The problem -> Wherever a line in the records below contains "using", copy that line.

[Data in this exercise]

lemma KL_dens_ith_eq:
  assumes "integrable PX (\<lambda>x. h x * \<bar>ln (h x)\<bar>)" "integrable PX (\<lambda>x. h x * \<bar>ln (ith P MX (g n) x)\<bar>)"
  shows "KL_dens PX h (ith P MX (g n)) = (\<integral>x. h x * ln (h x) \<partial>PX) - (\<integral>x. h x * ln (hn n x) \<partial>PX)"
proof -
  have "KL_dens PX h (ith P MX (g n)) = (\<integral>x. h x * ln (h x) - h x * ln (hn n x) \<partial>PX)"
    unfolding KL_dens_def
  proof (rule integral_cong_AE)
    show "AE x in PX. h x * ln (h x / ith P MX (g n) x) = h x * ln (h x) - h x * ln (hn n x)"
      using AE_ith_eq_hn[of n] AE_space
    proof eventually_elim
      case (elim x)
      then show ?case
        using h_pos[of x] hn_pos[of x n] by (simp add: ln_div right_diff_distrib)
    qed
  qed measurable
  also have "\<dots> = (\<integral>x. h x * ln (h x) \<partial>PX) - (\<integral>x. h x * ln (hn n x) \<partial>PX)"
    using integrable_h_mult[OF assms(1)] integrable_h_ln_hn[OF assms(2)]
    by (rule Bochner_Integration.integral_diff) measurable
  finally show ?thesis .
qed
theorem lemma8:
  fixes x :: "int list" and A B :: "nat tree" and i :: nat
  assumes "distinct x"
    and "cart x = Node A i B"
  shows "(A \<noteq> Leaf \<longrightarrow> card (ng (Node A i B) (i - 1)) = lbl B + 1)
       \<and> (B \<noteq> Leaf \<longrightarrow> card (ng (Node A i B) i) = lbr A + 1)"
proof (intro conjI impI)
  assume "A \<noteq> Leaf"
  have "inj_on (\<lambda>d. Node (del_rightmost A) (i - 1) (ins_left_spine i d B)) {0..lbl B}"
    using inj_on_ins_left_spine[of i B] by (auto simp: inj_on_def)
  with ng_pred_root[OF assms \<open>A \<noteq> Leaf\<close>] show "card (ng (Node A i B) (i - 1)) = lbl B + 1"
    by (simp add: card_image)
next
  assume "B \<noteq> Leaf"
  have "inj_on (\<lambda>d. Node (ins_right_spine i d A) (i + 1) (del_leftmost B)) {0..lbr A}"
    using inj_on_ins_right_spine[of i A] by (auto simp: inj_on_def)
  with ng_root_succ[OF assms \<open>B \<noteq> Leaf\<close>] show "card (ng (Node A i B) i) = lbr A + 1"
    by (simp add: card_image)
qed

end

[/Data in this exercise]

Result of this task ->
      using AE_ith_eq_hn[of n] AE_space
        using h_pos[of x] hn_pos[of x n] by (simp add: ln_div right_diff_distrib)
    using integrable_h_mult[OF assms(1)] integrable_h_ln_hn[OF assms(2)]
    using inj_on_ins_left_spine[of i B] by (auto simp: inj_on_def)
    using inj_on_ins_right_spine[of i A] by (auto simp: inj_on_def)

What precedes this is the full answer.